In my last piece I discussed the history of ancient Greek athleticism and its reflections in today’s world. From the occasional funeral games to regular Olympic games, Greeks valued amateurism and excellence more than professionalism and entertainment. Thus, sports have always been a “boutique” business, which needed the generous investments of the aristocrats.
However, there is not an aristocratic class nowadays and sports have become a gigantic business that is able to fund itself. Except for the Olympic athletes, whose medal-winning prizes barely cover their annuals costs (if they win any), almost all other athletes of major sports have professional contracts with clubs and teams. More importantly, athletes and the entities that employ them can make sponsorship contracts to increase their revenues, which was impossible back in ancient Greece.
Nevertheless, this financial magnitude comes with a cost: the necessity of keeping spectators satisfied. Although spectators were a part of ancient Greek culture, they were not a vital element like in today’s sport. But there was another sports tradition which sowed the seeds of the idea that sports are a matter of entertainment, not excellence. The Roman sports tradition (c. 509-31 B.C.) was more of a festival than an athletic competition, and it was rightly called a “spectacle.”
Romans took the Greek Olympic tradition and turned it into a huge festival by adding gladiatorial battles, drama, staged animal hunts and staged naval battles. They only kept chariot races from the Olympic tradition since the other athletic competitions seemed too tame and boring for the Roman crowd who were used to brutal gladiatorial combats. Called Ludi, these festivals were organized every year, mostly in September, to honor the gods or to boost the public morale in tough times.
Since the Roman spectacle occurred almost every year until the Roman Empire began to collapse, sometimes more than once a year, it created a stable industry. Unlike the Greek athletes who had to wait years for a competition, Romans were able to professionalize. All the chariots and gladiators had factions, a club like an organization which had hundreds of employees such as managers, trainers and assistant staff who took care of chores. For instance, there were four major chariot race factions – white, red, blue and green – and charioteers were able to switch teams like today’s professional athletes. Added to that, besides a large cash prize for winning, charioteers were also paid by their faction owners regularly.
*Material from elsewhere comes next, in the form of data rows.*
(* Fix $m\in\mathbb{Z}^+$ and $r\in\mathbb{N}$. Let $\mathsf{st}\colon X\to \mathbb{Z}$ be a function on a finite set $X$. If $$\sum_{x\in X:\ \mathsf{st}(x)\equiv l \pmod{2m}}\binom{\mathsf{st}(x)}{j}=\sum_{x\in X:\ \mathsf{st}(x)\equiv l+m \pmod{2m}}\binom{\mathsf{st}(x)}{j}$$ for every $l\in \mathbb{Z}_m$ and every $0\le j\le r-1$, then $\sum_{x\in X}q^{\mathsf{st}(x)}\in (1+q^m)^r\mathbb{Z}[q]$.
   Context: $\mathbb{Z}_m$ denotes the residues $\{0,1,\dots,m-1\}$. *)

theory Defs
  imports "HOL-Computational_Algebra.Polynomial" "HOL-Number_Theory.Cong"
begin

end

(*
  Write the exponents as e = st + N and split them by their residue l modulo m, so e = l + m t on
  the class of l. That class contributes q^l A(q^m) with A(u) = \<Sum> u^t, hence it suffices that
  (1 + u)^r divides A, i.e. that the derivatives A^(j)(-1) vanish for j < r; up to a sign and j!,
  these are the alternating sums \<Sum> (-1)^t (t choose j). The parity of t tells whether st lies in the
  class l - N or l - N + m modulo 2m, and (t choose j) is a polynomial of degree j in st. So the
  alternating sums vanish once the hypothesis, stated for the basis (s gchoose j), j < r, is
  extended by linearity to all polynomials of degree < r and to all residues modulo 2m.
*)
theory Submission
  imports Defs
begin

lemma power_dvd_if_higher_pderiv_zero:
  fixes p :: "'a::{idom,semiring_char_0} poly"
  assumes "\<And>j. j < r \<Longrightarrow> poly ((pderiv ^^ j) p) a = 0"
  shows "[:-a, 1:] ^ r dvd p"
  using assms
proof (induction r arbitrary: p)
  case 0
  then show ?case by simp
next
  case (Suc r)
  show ?case
  proof (cases "p = 0")
    case False
    have root: "poly p a = 0"
      using Suc.prems[of 0] by simp
    have "[:-a, 1:] ^ r dvd pderiv p"
      using Suc.prems[of "Suc _"] by (intro Suc.IH) (simp add: funpow_Suc_right del: funpow.simps)
    moreover have "pderiv p \<noteq> 0"
      using False root pderiv_iszero by force
    ultimately have "r \<le> order a (pderiv p)"
      by (simp add: order_divides)
    then show ?thesis
      using order_pderiv[OF False root] unfolding order_divides by simp
  qed simp
qed

lemma higher_pderiv_monom_one:
  "(pderiv ^^ j) (monom (1::'a::{comm_semiring_1,semiring_no_zero_divisors}) n) =
     monom (of_nat (fact j * (n choose j))) (n - j)"
proof (induction j)
  case (Suc j)
  have "(n - j) * (fact j * (n choose j)) = fact j * ((n - j) * (n choose j))"
    by (simp only: mult.left_commute)
  also have "\<dots> = fact j * (Suc j * (n choose Suc j))"
    by (simp only: binomial_absorb_comp binomial_absorption)
  also have "\<dots> = fact (Suc j) * (n choose Suc j)"
    by (simp add: fact_Suc algebra_simps)
  finally have "(n - j) * (fact j * (n choose j)) = fact (Suc j) * (n choose Suc j)" .
  with Suc show ?case
    by (simp add: pderiv_monom flip: of_nat_mult)
qed simp

lemma poly_higher_pderiv_monom_one_at_minus_one:
  "poly ((pderiv ^^ j) (monom 1 n)) (-1 :: 'a::{idom,semiring_char_0}) =
     (-1) ^ j * fact j * ((-1) ^ n * of_nat (n choose j))"
proof (cases "j \<le> n")
  case True
  then have "(-1 :: 'a) ^ n = (-1) ^ j * (-1) ^ (n - j)"
    by (metis le_add_diff_inverse power_add)
  then show ?thesis
    by (simp add: higher_pderiv_monom_one poly_monom)
qed (simp add: higher_pderiv_monom_one binomial_eq_0)

lemma one_plus_X_power_dvd_sum_monom:
  fixes t :: "'b \<Rightarrow> nat"
  assumes "\<And>j. j < r \<Longrightarrow> (\<Sum>x\<in>S. (-1) ^ t x * of_nat (t x choose j) :: 'a) = 0"
  shows "[:1, 1:] ^ r dvd (\<Sum>x\<in>S. monom (1::'a::{idom,semiring_char_0}) (t x))"
proof -
  have "poly ((pderiv ^^ j) (\<Sum>x\<in>S. monom 1 (t x))) (-1 :: 'a) = 0" if "j < r" for j
    using assms[OF that]
    by (simp add: higher_pderiv_sum poly_sum poly_higher_pderiv_monom_one_at_minus_one
        flip: sum_distrib_left)
  then show ?thesis
    using power_dvd_if_higher_pderiv_zero[of r _ "-1"] by auto
qed

lemma pcompose_monom_one: "pcompose (monom 1 n) q = q ^ n"
  by (induction n) (simp_all add: monom_Suc pcompose_pCons monom_0)

lemma pcompose_power: "pcompose (p ^ n) q = pcompose p q ^ n"
  by (induction n) (simp_all add: pcompose_mult pcompose_1)

lemma one_plus_monom_power_dvd_sum_monom:
  fixes t :: "'b \<Rightarrow> nat"
  assumes "\<And>j. j < r \<Longrightarrow> (\<Sum>x\<in>S. (-1) ^ t x * of_nat (t x choose j) :: 'a) = 0"
  shows "(1 + monom 1 m) ^ r dvd (\<Sum>x\<in>S. monom (1::'a::{idom,semiring_char_0}) (l + m * t x))"
proof -
  obtain q where q: "(\<Sum>x\<in>S. monom (1::'a) (t x)) = [:1, 1:] ^ r * q"
    using one_plus_X_power_dvd_sum_monom[OF assms] by blast
  have "(\<Sum>x\<in>S. monom (1::'a) (l + m * t x)) =
      monom 1 l * pcompose (\<Sum>x\<in>S. monom 1 (t x)) (monom 1 m)"
    by (simp add: pcompose_sum pcompose_monom_one monom_power mult_monom sum_distrib_left)
  also have "\<dots> = (1 + monom 1 m) ^ r * (monom 1 l * pcompose q (monom 1 m))"
    by (simp add: q pcompose_mult pcompose_power pcompose_pCons pCons_one pcompose_1)
  finally show ?thesis
    by simp
qed

definition gbinomial_poly :: "nat \<Rightarrow> 'a::field_char_0 poly"
  where "gbinomial_poly k = smult (inverse (fact k)) (\<Prod>i = 0..<k. [:- of_nat i, 1:])"

lemma poly_gbinomial_poly: "poly (gbinomial_poly k) a = a gchoose k"
  by (simp add: gbinomial_poly_def poly_prod gbinomial_mult_fact[symmetric] field_simps)

lemma degree_gbinomial_poly: "degree (gbinomial_poly k) = k"
  by (simp add: gbinomial_poly_def degree_prod_eq_sum_degree)

lemma gbinomial_poly_nonzero: "gbinomial_poly k \<noteq> 0"
  by (simp add: gbinomial_poly_def prod_zero_iff)

lemma additive_functional_zero_below_degree:
  fixes L :: "'a::field poly \<Rightarrow> 'a" and B :: "nat \<Rightarrow> 'a poly"
  assumes L_add: "\<And>p q. L (p + q) = L p + L q"
    and L_smult: "\<And>c p. L (smult c p) = c * L p"
    and B: "\<And>j. j < r \<Longrightarrow> degree (B j) = j \<and> B j \<noteq> 0 \<and> L (B j) = 0"
  shows "degree p < r \<Longrightarrow> L p = 0"
proof (induction "degree p" arbitrary: p rule: less_induct)
  case less
  show ?case
  proof (cases "p = 0")
    case True
    then show ?thesis
      using L_smult[of 0 0] by simp
  next
    case False
    define d where "d = degree p"
    define c where "c = lead_coeff p / lead_coeff (B d)"
    define p' where "p' = p - smult c (B d)"
    have Bd: "degree (B d) = d" "B d \<noteq> 0" "L (B d) = 0"
      using B less.prems by (simp_all add: d_def)
    have "coeff (B d) d \<noteq> 0"
      using Bd(1,2) leading_coeff_0_iff by metis
    then have "coeff p' d = 0"
      by (simp add: p'_def c_def Bd(1) flip: d_def)
    moreover have "degree p' \<le> d"
      using Bd by (simp add: p'_def d_def degree_diff_le)
    ultimately have "p' = 0 \<or> degree p' < degree p"
      by (metis d_def le_neq_implies_less leading_coeff_0_iff)
    then have "L p' = 0"
      using L_smult[of 0 0] less by auto
    moreover have "p = p' + smult c (B d)"
      by (simp add: p'_def)
    ultimately show ?thesis
      using Bd by (simp add: L_add L_smult)
  qed
qed

definition balanced_mod :: "nat \<Rightarrow> 'a set \<Rightarrow> ('a \<Rightarrow> int) \<Rightarrow> (int \<Rightarrow> 'b::comm_monoid_add) \<Rightarrow> bool"
  where "balanced_mod m X st g \<longleftrightarrow> (\<forall>c.
    (\<Sum>x\<in>{x\<in>X. [st x = c] (mod 2 * int m)}. g (st x)) =
    (\<Sum>x\<in>{x\<in>X. [st x = c + int m] (mod 2 * int m)}. g (st x)))"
However, the prime event of the Ludis, if there were no special events like a huge naval battle, was the gladiatorial combats. It was called “munus,” meaning duty or gift. Gladiators were for the most part convicted criminals, prisoners of war, slaves or, as Cicero calls them, “either men of no moral worth or barbarians.” The rules were simple: A match could be won by one opponent killing the other, but this was not the only way. When a gladiator raised his index finger to the referee, it indicated that he was unwilling to continue. The “editor,” who was in charge of the munus in question, decided whether he deserved to live or die with the help of the crowd. It was the prime example of incorporating the audience into the game, a concept that today’s sports business people are so fond of.
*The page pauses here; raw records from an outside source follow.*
(* Let $\sigma_t=e^{Y_t}$, where $Y_t=\varphi Y_{t-1}+\eta_t$ is the causal stationary AR(1) process with $\varphi\in(-1,1)$ and i.i.d. $(\eta_t)$. Assume that $P(e^\eta>x)=x^{-\alpha}L(x)$, $x>0$, for some $\alpha>0$ and slowly varying $L$, and, if $\varphi<0$, additionally $P(e^{\eta^-}>x)\le cP(e^\eta>x)$ for $x\ge1$ and some constant $c>0$. Then $Ee^{(\alpha+\varepsilon)\varphi Y}<\infty$ for some $\varepsilon>0$, and $$P(\sigma>x)\sim Ee^{\alpha\varphi Y}\,P(e^\eta>x)=Ee^{\alpha\varphi Y}\,x^{-\alpha}L(x),\qquad x\to\infty.$$
   Context: The causal stationary AR(1) process is $Y_t=\sum_{j\ge0}\varphi^j\eta_{t-j}$, where $(\eta_t)$ is i.i.d.; $\eta$, $Y$, $\sigma$ denote generic elements; $\eta^-=\max(-\eta,0)$. *)

theory Defs
  imports "HOL-Probability.Probability" "HOL-Library.Landau_Symbols"
begin

definition slowly_varying :: "(real \<Rightarrow> real) \<Rightarrow> bool" where
  "slowly_varying L \<longleftrightarrow>
     (\<forall>\<^sub>F x in at_top. L x > 0) \<and>
     (\<forall>c>0. ((\<lambda>x. L (c * x) / L x) \<longlongrightarrow> 1) at_top)"

end

theory Submission
  imports Defs
begin

text \<open>
  Write \<open>Y = \<eta>\<^sub>0 + \<phi> Y'\<close>, where \<open>Y'\<close> is the process at time \<open>-1\<close>; it has the law of \<open>Y\<close>
  and is independent of \<open>\<eta>\<^sub>0\<close>. Breiman's lemma then gives
  \<open>P(exp \<eta>\<^sub>0 * exp (\<phi> Y') > x) \<sim> E exp (\<alpha> \<phi> Y) * P(exp \<eta> > x)\<close>, provided
  \<open>E exp ((\<alpha> + \<epsilon>) \<phi> Y) < \<infinity>\<close>. It is proved by dominated convergence for
  \<open>\<integral> P(exp \<eta> > x exp (-a)) / P(exp \<eta> > x) d\<mu>(a)\<close>: Potter bounds dominate the integrand while
  \<open>x exp (-a)\<close> stays above a fixed threshold, and the remaining range of \<open>a\<close> has probability
  \<open>O(x powr -(\<alpha> + \<epsilon>))\<close>, negligible against the regularly varying tail.

  Regular variation makes \<open>E exp (t \<eta>\<^sup>+)\<close> finite
  for \<open>t < \<alpha>\<close>, hence \<open>E exp (t \<eta>) \<le> 1 + K |t|\<close> for \<open>|t| \<le> t\<^sub>0 < \<alpha>\<close> (negative \<open>t\<close> occur
  only when \<open>\<phi> < 0\<close>, and then the hypothesis on \<open>\<eta>\<^sup>-\<close> applies). With \<open>|(\<alpha> + \<epsilon>) \<phi>| = t\<^sub>0\<close>,
  independence bounds the exponential moment of each partial sum by
  \<open>\<Prod>\<^sub>j (1 + K t\<^sub>0 |\<phi>|\<^sup>j) \<le> exp (K t\<^sub>0 / (1 - |\<phi>|))\<close>, and Fatou's lemma passes to the limit.
\<close>

lemma ennreal_le_suminf: "(f :: nat \<Rightarrow> ennreal) n \<le> suminf f"
  using sum_le_suminf[of f "{n}"] by simp

lemma dyadic_cover:
  assumes "w > 0"
  obtains n :: nat where "2 ^ n < exp w" "w \<le> real (n + 1) * ln 2"
proof -
  define n where "n = nat \<lceil>w / ln 2\<rceil> - 1"
  have k: "real (n + 1) = of_int \<lceil>w / ln 2\<rceil>"
    using assms by (simp add: n_def)
  have "w / ln 2 \<le> real (n + 1)" using k by simp
  then have "w \<le> real (n + 1) * ln 2" by (simp add: divide_le_eq)
  moreover have "real n < w / ln 2" using k ceiling_correct[of "w / ln 2"] by simp
  then have "exp (real n * ln 2) < exp w" by (simp add: less_divide_eq)
  then have "(2::real) ^ n < exp w" by (simp add: exp_of_nat_mult)
  ultimately show ?thesis using that by blast
qed

lemma ennreal_exp_le_dyadic_sum:
  fixes t w :: real
  assumes "0 \<le> t"
  shows "ennreal (exp (t * max w 0))
    \<le> 1 + (\<Sum>n. ennreal (exp (t * ln 2) ^ (n + 1)) * indicator {v. 2 ^ n < exp (max v 0)} w)"
proof (cases "w \<le> 0")
  case False
  then obtain n :: nat where "2 ^ n < exp w" and "w \<le> real (n + 1) * ln 2"
    using dyadic_cover[of w] by auto
  then have "exp (t * max w 0) \<le> exp (t * (real (n + 1) * ln 2))"
    using False \<open>0 \<le> t\<close> by (simp add: mult_left_mono)
  also have "\<dots> = exp (t * ln 2) ^ (n + 1)"
    by (simp add: exp_of_nat_mult[symmetric] algebra_simps exp_add)
  finally have "ennreal (exp (t * max w 0))
      \<le> ennreal (exp (t * ln 2) ^ (n + 1)) * indicator {v. 2 ^ n < exp (max v 0)} w"
    using \<open>2 ^ n < exp w\<close> False by (simp add: ennreal_leI)
  also have "\<dots> \<le> (\<Sum>n. ennreal (exp (t * ln 2) ^ (n + 1)) * indicator {v. 2 ^ n < exp (max v 0)} w)"
    by (rule ennreal_le_suminf)
  finally show ?thesis by (simp add: add_increasing)
qed simp

lemma exp_max_zero_gt_iff:
  fixes v x :: real
  assumes "x \<ge> 1"
  shows "exp (max v 0) > x \<longleftrightarrow> exp v > x"
proof (cases "v \<le> 0")
  case True
  then have "exp v \<le> 1" by simp
  then show ?thesis using True assms by (simp add: max_def del: exp_le_one_iff)
qed (simp add: max_def)

lemma exp_le_one_plus_linear:
  fixes t t0 t1 v :: real
  assumes "0 \<le> t" "t \<le> t0" "t0 < t1"
  shows "exp (t * v) \<le> 1 + t / (t1 - t0) * exp (t1 * max v 0)"
proof -
  define w where "w = max v 0"
  have w: "w \<ge> 0" "t * v \<le> t * w" using assms(1) by (simp_all add: w_def mult_left_mono)
  have "1 - t * w \<le> exp (- (t * w))" using exp_ge_add_one_self[of "- (t * w)"] by simp
  then have "(1 - t * w) * exp (t * w) \<le> 1"
    using mult_right_mono[of _ _ "exp (t * w)"] by (simp add: exp_minus field_simps)
  then have "exp (t * w) \<le> 1 + t * (w * exp (t * w))" by (simp add: algebra_simps)
  also have "w * exp (t * w) \<le> w * exp (t0 * w)"
    using w assms by (intro mult_left_mono) (auto intro: mult_right_mono)
  also have "w * exp (t0 * w) \<le> exp (t1 * w) / (t1 - t0)"
  proof -
    have "(t1 - t0) * w \<le> exp ((t1 - t0) * w)" using exp_ge_add_one_self[of "(t1 - t0) * w"] by linarith
    then have "((t1 - t0) * w) * exp (t0 * w) \<le> exp ((t1 - t0) * w) * exp (t0 * w)"
      by (intro mult_right_mono) auto
    also have "exp ((t1 - t0) * w) * exp (t0 * w) = exp (t1 * w)"
      by (simp add: exp_add[symmetric] algebra_simps)
    finally show ?thesis using assms by (simp add: field_simps)
  qed
  finally have "exp (t * w) \<le> 1 + t / (t1 - t0) * exp (t1 * w)"
    using assms by (simp add: mult_left_mono)
  moreover have "exp (t * v) \<le> exp (t * w)" using w by simp
  ultimately show ?thesis unfolding w_def by linarith
qed

lemma prod_ennreal_le_exp_sum:
  fixes n :: nat
  assumes "\<And>j. j < n \<Longrightarrow> f j \<le> ennreal (1 + x j)" and "\<And>j. j < n \<Longrightarrow> 0 \<le> x j"
  shows "(\<Prod>j<n. f j) \<le> ennreal (exp (\<Sum>j<n. x j))"
  using assms
proof (induction n)
  case (Suc n)
  have "(\<Prod>j<Suc n. f j) = (\<Prod>j<n. f j) * f n" by simp
  also have "\<dots> \<le> ennreal (exp (\<Sum>j<n. x j)) * ennreal (1 + x n)"
    using Suc by (intro mult_mono) auto
  also have "\<dots> = ennreal (exp (\<Sum>j<n. x j) * (1 + x n))"
    using Suc.prems(2)[of n] by (intro ennreal_mult[symmetric]) auto
  also have "\<dots> \<le> ennreal (exp (\<Sum>j<n. x j) * exp (x n))"
    using exp_ge_add_one_self[of "x n"] by (intro ennreal_leI mult_left_mono) (auto simp: add.commute)
  also have "\<dots> = ennreal (exp (\<Sum>j<Suc n. x j))" by (simp add: exp_add)
  finally show ?case .
qed simp

lemma integrable_exp_mult_mono:
  fixes f :: "'a \<Rightarrow> real" and a b :: real
  assumes "finite_measure M" and [measurable]: "f \<in> borel_measurable M" and "0 \<le> a" "a \<le> b"
    and "integrable M (\<lambda>\<omega>. exp (b * f \<omega>))"
  shows "integrable M (\<lambda>\<omega>. exp (a * f \<omega>))"
proof (rule Bochner_Integration.integrable_bound)
  show "integrable M (\<lambda>\<omega>. 1 + exp (b * f \<omega>))"
    using assms by (simp add: finite_measure.integrable_const)
  show "AE \<omega> in M. norm (exp (a * f \<omega>)) \<le> norm (1 + exp (b * f \<omega>))"
  proof (intro AE_I2)
    fix \<omega>
    have "exp (a * f \<omega>) \<le> 1 + exp (b * f \<omega>)"
    proof (cases "f \<omega> \<le> 0")
      case True
      then have "exp (a * f \<omega>) \<le> 1" using \<open>0 \<le> a\<close> by (simp add: mult_nonneg_nonpos)
      then show ?thesis by (simp add: add_increasing2)
    next
      case False
      then have "exp (a * f \<omega>) \<le> exp (b * f \<omega>)" using \<open>a \<le> b\<close> by (simp add: mult_right_mono)
      then show ?thesis by (simp add: add_increasing)
    qed
    then show "norm (exp (a * f \<omega>)) \<le> norm (1 + exp (b * f \<omega>))" by simp
  qed
qed simp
From a professional perspective, gladiatorial events were very successful. Apart from having different types of equipment and different types of fighting styles, the brutality of the event was very attractive for the Romans. Nonetheless, as Cicero pointed out, the cost was the morals. Romans became so professional that there was hardly any pursuit of excellence in what they were doing. Although they managed to build a successful entertainment industry, the tradition they sought to follow was forgotten along the way. Even though sports or entertainment are no longer that brutal, I think it is the Roman tradition which is still dominant in our times. Perhaps balancing it with more amateurism and pursuit of excellence would be a better strategy in these difficult times.